◆ WORK TO COMPLETE: Look below for the line containing "ip h (f - g)" and the line containing "0 \<le> ip_norm"; repeat exactly those two lines and all lines between them, and nothing else.
########
(* Let $d\ge 2$, let $\beta_1,\ldots,\beta_d>-1$, let $k$ be a real exponent, and let $E\subset\mathbb{R}^d$ be an affine hyperplane with $\mathrm{dist}(E,0)=h\in[0,1)$. Then $$\int_{E^d}\big(\mathrm{Vol}_{d-1}(\mathrm{conv}(x_1,\ldots,x_d))\big)^k\prod_{i=1}^d f_{d,\beta_i}(x_i)\prod_{i=1}^d\lambda_E(\mathrm{d}x_i)=\frac{\prod_{i=1}^d c_{d,\beta_i}}{\prod_{i=1}^d c_{d-1,\beta_i}}\,(1-h^2)^{\sum_{i=1}^d\beta_i+\frac{d-1}{2}(k+d)}\,\mathbb{E}\big(\Delta_{d-1}^{(\beta_1,\ldots,\beta_d)}\big)^k,$$ where $\lambda_E$ is the $(d-1)$-dimensional Lebesgue measure on $E$ and $\Delta_{d-1}^{(\beta_1,\ldots,\beta_d)}=\mathrm{Vol}_{d-1}(\mathrm{conv}(Y_1,\ldots,Y_d))$ for independent random vectors $Y_1,\ldots,Y_d$ in $\mathbb{R}^{d-1}$ with $Y_i$ having density $f_{d-1,\beta_i}$.
   Context: For $m\ge1$ and $\beta>-1$, the beta density on $\mathbb{R}^m$ is $f_{m,\beta}(x)=c_{m,\beta}(1-|x|^2)^{\beta}$ for $|x|\le 1$ (and $0$ otherwise), where $c_{m,\beta}=\frac{\Gamma(\frac m2+\beta+1)}{\pi^{m/2}\Gamma(\beta+1)}$. *)

theory Defs
  imports "HOL-Analysis.Analysis"
begin

definition beta_const :: "nat \<Rightarrow> real \<Rightarrow> real" where
  "beta_const m \<beta> = Gamma (real m / 2 + \<beta> + 1) / (pi powr (real m / 2) * Gamma (\<beta> + 1))"

definition beta_dens :: "nat \<Rightarrow> real \<Rightarrow> 'a::real_normed_vector \<Rightarrow> real" where
  "beta_dens m \<beta> x = (if norm x \<le> 1 then beta_const m \<beta> * (1 - (norm x)\<^sup>2) powr \<beta> else 0)"

text \<open>An affine isometric embedding of R^(d-1) into R^d; its image is an affine hyperplane
  when the dimensions differ by one.\<close>
definition affine_isometry :: "('a::euclidean_space \<Rightarrow> 'b::euclidean_space) \<Rightarrow> bool" where
  "affine_isometry \<phi> \<longleftrightarrow> (\<exists>p L. linear L \<and> (\<forall>z. norm (L z) = norm z) \<and> \<phi> = (\<lambda>z. p + L z))"
(* Let $\mathcal P$ be the set of STL formulae, let $\mathcal T$ be a trajectory space which is bounded in the supremum norm, let $I\subset\mathbb R_{\ge 0}$ be a bounded interval, and let $\mu_0$ be a probability measure on $\mathcal T$. Define $k':\mathcal P\times\mathcal P\to\mathbb R$ by $$k'(\varphi,\psi)=\int_{\xi\in\mathcal T}\int_{t\in I}\rho(\varphi,\xi,t)\,\rho(\psi,\xi,t)\,dt\,d\mu_0(\xi).$$ Then $k'$ is a proper kernel function: there exist a Hilbert space $\mathbb H$ and a map $\Phi:\mathcal P\to\mathbb H$ such that $k'(\varphi,\psi)=\langle\Phi(\varphi),\Phi(\psi)\rangle_{\mathbb H}$ for all $\varphi,\psi\in\mathcal P$.
   Context: Trajectories are continuous functions $\xi:\mathbb R_{\ge0}\to\mathbb R^n$ (for a fixed $n$). The trajectory space $\mathcal T$ is a set of such functions, and it is bounded in the supremum norm: there is $B\in\mathbb R$ with $\sup_t\|\xi(t)\|\le B$ for all $\xi\in\mathcal T$. The probability measure $\mu_0$ is defined on a $\sigma$-algebra on $\mathcal T$ for which $(\xi,t)\mapsto\rho(\varphi,\xi,t)$ is measurable for every formula $\varphi$. STL formulae are generated by $\varphi ::= tt \mid \pi \mid \neg\varphi \mid \varphi_1\wedge\varphi_2 \mid \varphi_1\,\mathbf U_{[a,b]}\,\varphi_2$ with $a<b$ rationals, where an atomic predicate $\pi$ has the form $f_\pi(x_1,\dots,x_n)\ge 0$ for a continuous function $f_\pi:\mathbb R^n\to\mathbb R$. The robustness $\rho(\varphi,\xi,t)$ is defined recursively: $\rho(\pi,\xi,t)=f_\pi(\xi(t))$; $\rho(\neg\varphi,\xi,t)=-\rho(\varphi,\xi,t)$; $\rho(\varphi_1\wedge\varphi_2,\xi,t)=\min(\rho(\varphi_1,\xi,t),\rho(\varphi_2,\xi,t))$; $\rho(\varphi_1\mathbf U_{[a,b]}\varphi_2,\xi,t)=\max_{t'\in[a+t,b+t]}\min\big(\rho(\varphi_2,\xi,t'),\min_{t''\in[t,t']}\rho(\varphi_1,\xi,t'')\big)$ (the robustness of $tt$ is a fixed positive constant). *)

theory Defs
  imports "HOL-Probability.Probability"
begin

text \<open>STL formulae over trajectories in R^n (n given by the finite index type 'n).
  Atomic predicate Atom f stands for f(x) >= 0.\<close>
datatype 'n stl =
    TT
  | Atom "real^'n \<Rightarrow> real"
  | Neg "'n stl"
  | And "'n stl" "'n stl"
  | Until rat rat "'n stl" "'n stl"

fun wf_stl :: "('n::finite) stl \<Rightarrow> bool" where
  "wf_stl TT = True"
| "wf_stl (Atom f) = continuous_on UNIV f"
| "wf_stl (Neg \<phi>) = wf_stl \<phi>"
| "wf_stl (And \<phi> \<psi>) = (wf_stl \<phi> \<and> wf_stl \<psi>)"
| "wf_stl (Until a b \<phi> \<psi>) = (0 \<le> a \<and> a < b \<and> wf_stl \<phi> \<and> wf_stl \<psi>)"

text \<open>Quantitative robustness; c is the fixed positive robustness of tt.
  max/min over compact intervals are written as SUP/INF.\<close>
primrec rho :: "real \<Rightarrow> ('n::finite) stl \<Rightarrow> (real \<Rightarrow> real^'n) \<Rightarrow> real \<Rightarrow> real" where
  "rho c TT \<xi> t = c"
| "rho c (Atom f) \<xi> t = f (\<xi> t)"
| "rho c (Neg \<phi>) \<xi> t = - rho c \<phi> \<xi> t"
| "rho c (And \<phi> \<psi>) \<xi> t = min (rho c \<phi> \<xi> t) (rho c \<psi> \<xi> t)"
| "rho c (Until a b \<phi> \<psi>) \<xi> t =
     (SUP t'\<in>{real_of_rat a + t .. real_of_rat b + t}.
        min (rho c \<psi> \<xi> t') (INF t''\<in>{t..t'}. rho c \<phi> \<xi> t''))"

definition stl_kernel ::
  "real \<Rightarrow> real set \<Rightarrow> (real \<Rightarrow> real^('n::finite)) measure \<Rightarrow> 'n stl \<Rightarrow> 'n stl \<Rightarrow> real" where
  "stl_kernel c I \<mu>0 \<phi> \<psi> =
     integral\<^sup>L \<mu>0 (\<lambda>\<xi>. set_lebesgue_integral lborel I (\<lambda>t. rho c \<phi> \<xi> t * rho c \<psi> \<xi> t))"

text \<open>A real Hilbert space whose vectors are real-valued functions on 'a
  (vector operations pointwise), given by a carrier H and an inner product ip:
  H is a linear subspace, ip is a symmetric, bilinear, positive definite form on H,
  and H is complete for the norm induced by ip.\<close>
definition hilbert_space_on :: "('a \<Rightarrow> real) set \<Rightarrow> (('a \<Rightarrow> real) \<Rightarrow> ('a \<Rightarrow> real) \<Rightarrow> real) \<Rightarrow> bool" where
  "hilbert_space_on H ip \<longleftrightarrow>
     (\<lambda>_. 0) \<in> H \<and>
     (\<forall>x\<in>H. \<forall>y\<in>H. (\<lambda>i. x i + y i) \<in> H) \<and>
     (\<forall>r::real. \<forall>x\<in>H. (\<lambda>i. r * x i) \<in> H) \<and>
     (\<forall>x\<in>H. \<forall>y\<in>H. ip x y = ip y x) \<and>
     (\<forall>x\<in>H. \<forall>y\<in>H. \<forall>z\<in>H. ip (\<lambda>i. x i + y i) z = ip x z + ip y z) \<and>
     (\<forall>r::real. \<forall>x\<in>H. \<forall>y\<in>H. ip (\<lambda>i. r * x i) y = r * ip x y) \<and>
     (\<forall>x\<in>H. 0 \<le> ip x x \<and> (ip x x = 0 \<longrightarrow> x = (\<lambda>_. 0))) \<and>
     (\<forall>X::nat \<Rightarrow> ('a \<Rightarrow> real).
        (\<forall>n. X n \<in> H) \<and>
        (\<forall>e>0. \<exists>N. \<forall>m\<ge>N. \<forall>n\<ge>N. sqrt (ip (\<lambda>i. X m i - X n i) (\<lambda>i. X m i - X n i)) < e)
        \<longrightarrow> (\<exists>L\<in>H. (\<lambda>n. sqrt (ip (\<lambda>i. X n i - L i) (\<lambda>i. X n i - L i))) \<longlonglongrightarrow> 0))"

end

theory Submission
  imports Defs "HOL-Library.Function_Algebras"
begin

(* For a well-formed formula phi the robustness rho(phi, xi, t) is bounded for xi in T and t >= 0
   (by induction on phi: atoms are continuous on the ball of radius B containing all trajectory
   values, and min, sup and inf preserve bounds), and it is jointly measurable by hypothesis.
   So F_phi(xi, t) = 1_I(t) * rho(phi, xi, t) is bounded with support of finite measure in
   mu0 x Lebesgue, and by Fubini k'(phi, psi) is the integral of F_phi * F_psi. Such a Gram kernel
   is positive semidefinite: sum_ij a_i a_j k'(phi_i, phi_j) is the integral of
   (sum_i a_i F_phi_i)^2.

   A symmetric positive semidefinite kernel K is the inner product of the feature map x |-> K x in
   its reproducing kernel Hilbert space (Moore-Aronszajn). The finite combinations sum_i a_i K x_i
   form a pre-Hilbert space with <K x, K y> = K x y; its completion is realised as the pointwise
   limits of its Cauchy sequences. These limits exist since evaluation at y is bounded by
   sqrt (K y y) times the norm, and two Cauchy sequences with the same pointwise limit are
   equivalent since pairing with a fixed combination is a finite sum of point evaluations. *)

section \<open>Semi-inner products on spaces of real functions\<close>

lemma discriminant_le_if_quadratic_nonneg:
  fixes a b c :: real
  assumes "0 \<le> c" and nonneg: "\<And>t. 0 \<le> a + 2 * t * b + t\<^sup>2 * c"
  shows "b\<^sup>2 \<le> a * c"
proof (cases "c = 0")
  case True
  have "b = 0"
  proof (rule ccontr)
    assume "b \<noteq> 0"
    then have "a + 2 * (- (a + 1) / (2 * b)) * b = -1" by (simp add: field_simps)
    then show False using nonneg[of "- (a + 1) / (2 * b)"] True by simp
  qed
  then show ?thesis using True by simp
next
  case False
  with \<open>0 \<le> c\<close> have "c > 0" by simp
  have "0 \<le> a + 2 * (- b / c) * b + (- b / c)\<^sup>2 * c" by (rule nonneg)
  also have "\<dots> = (a * c - b\<^sup>2) / c" using \<open>c > 0\<close> by (simp add: field_simps power2_eq_square)
  finally show ?thesis using \<open>c > 0\<close> by (simp add: zero_le_divide_iff)
qed

definition ip_norm :: "(('a \<Rightarrow> real) \<Rightarrow> ('a \<Rightarrow> real) \<Rightarrow> real) \<Rightarrow> ('a \<Rightarrow> real) \<Rightarrow> real" where
  "ip_norm ip f = sqrt (ip f f)"

definition ip_Cauchy :: "(('a \<Rightarrow> real) \<Rightarrow> ('a \<Rightarrow> real) \<Rightarrow> real) \<Rightarrow> (nat \<Rightarrow> 'a \<Rightarrow> real) \<Rightarrow> bool" where
  "ip_Cauchy ip X \<longleftrightarrow>
     ((\<lambda>(m, n). ip_norm ip (X m - X n)) \<longlongrightarrow> 0) (sequentially \<times>\<^sub>F sequentially)"

lemma Cauchy_iff_dist_tendsto_0:
  "Cauchy X \<longleftrightarrow> ((\<lambda>(m, n). dist (X m) (X n)) \<longlongrightarrow> 0) (sequentially \<times>\<^sub>F sequentially)"
  unfolding Cauchy_def tendsto_iff eventually_prod_sequentially by (simp add: dist_commute)

locale semi_inner_product_space =
  fixes H :: "('a \<Rightarrow> real) set"
    and ip :: "('a \<Rightarrow> real) \<Rightarrow> ('a \<Rightarrow> real) \<Rightarrow> real"
  assumes zero_mem: "0 \<in> H"
    and add_mem: "f \<in> H \<Longrightarrow> g \<in> H \<Longrightarrow> f + g \<in> H"
    and scale_mem: "f \<in> H \<Longrightarrow> (\<lambda>x. r * f x) \<in> H"
    and ip_sym: "f \<in> H \<Longrightarrow> g \<in> H \<Longrightarrow> ip f g = ip g f"
    and ip_add_left: "f \<in> H \<Longrightarrow> g \<in> H \<Longrightarrow> h \<in> H \<Longrightarrow> ip (f + g) h = ip f h + ip g h"
    and ip_scale_left: "f \<in> H \<Longrightarrow> g \<in> H \<Longrightarrow> ip (\<lambda>x. r * f x) g = r * ip f g"
    and ip_nonneg: "f \<in> H \<Longrightarrow> 0 \<le> ip f f"
begin

lemma diff_eq_add_scale: "f - g = f + (\<lambda>x. (-1) * g x)" for f g :: "'a \<Rightarrow> real"
  by (simp add: fun_eq_iff)

lemma diff_mem: "f \<in> H \<Longrightarrow> g \<in> H \<Longrightarrow> f - g \<in> H"
  unfolding diff_eq_add_scale by (intro add_mem scale_mem)

lemma ip_add_right: "f \<in> H \<Longrightarrow> g \<in> H \<Longrightarrow> h \<in> H \<Longrightarrow> ip h (f + g) = ip h f + ip h g"
  using ip_sym[of h "f + g"] ip_sym[of h f] ip_sym[of h g] by (simp add: add_mem ip_add_left)

lemma ip_scale_right: "f \<in> H \<Longrightarrow> g \<in> H \<Longrightarrow> ip g (\<lambda>x. r * f x) = r * ip g f"
  using ip_sym[of g "\<lambda>x. r * f x"] ip_sym[of g f] by (simp add: scale_mem ip_scale_left)

lemma ip_diff_left: "f \<in> H \<Longrightarrow> g \<in> H \<Longrightarrow> h \<in> H \<Longrightarrow> ip (f - g) h = ip f h - ip g h"
  unfolding diff_eq_add_scale
  using ip_add_left[OF _ scale_mem[of g "-1"]] ip_scale_left[of g h "-1"] by simp

lemma ip_diff_right: "f \<in> H \<Longrightarrow> g \<in> H \<Longrightarrow> h \<in> H \<Longrightarrow> ip h (f - g) = ip h f - ip h g"
  using ip_sym[of h "f - g"] ip_sym[of h f] ip_sym[of h g] by (simp add: diff_mem ip_diff_left)

lemma ip_norm_nonneg: "f \<in> H \<Longrightarrow> 0 \<le> ip_norm ip f"
  by (simp add: ip_norm_def ip_nonneg)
########
◆ SOLUTION FOR THIS TASK:
lemma ip_diff_right: "f \<in> H \<Longrightarrow> g \<in> H \<Longrightarrow> h \<in> H \<Longrightarrow> ip h (f - g) = ip h f - ip h g"
  using ip_sym[of h "f - g"] ip_sym[of h f] ip_sym[of h g] by (simp add: diff_mem ip_diff_left)

lemma ip_norm_nonneg: "f \<in> H \<Longrightarrow> 0 \<le> ip_norm ip f"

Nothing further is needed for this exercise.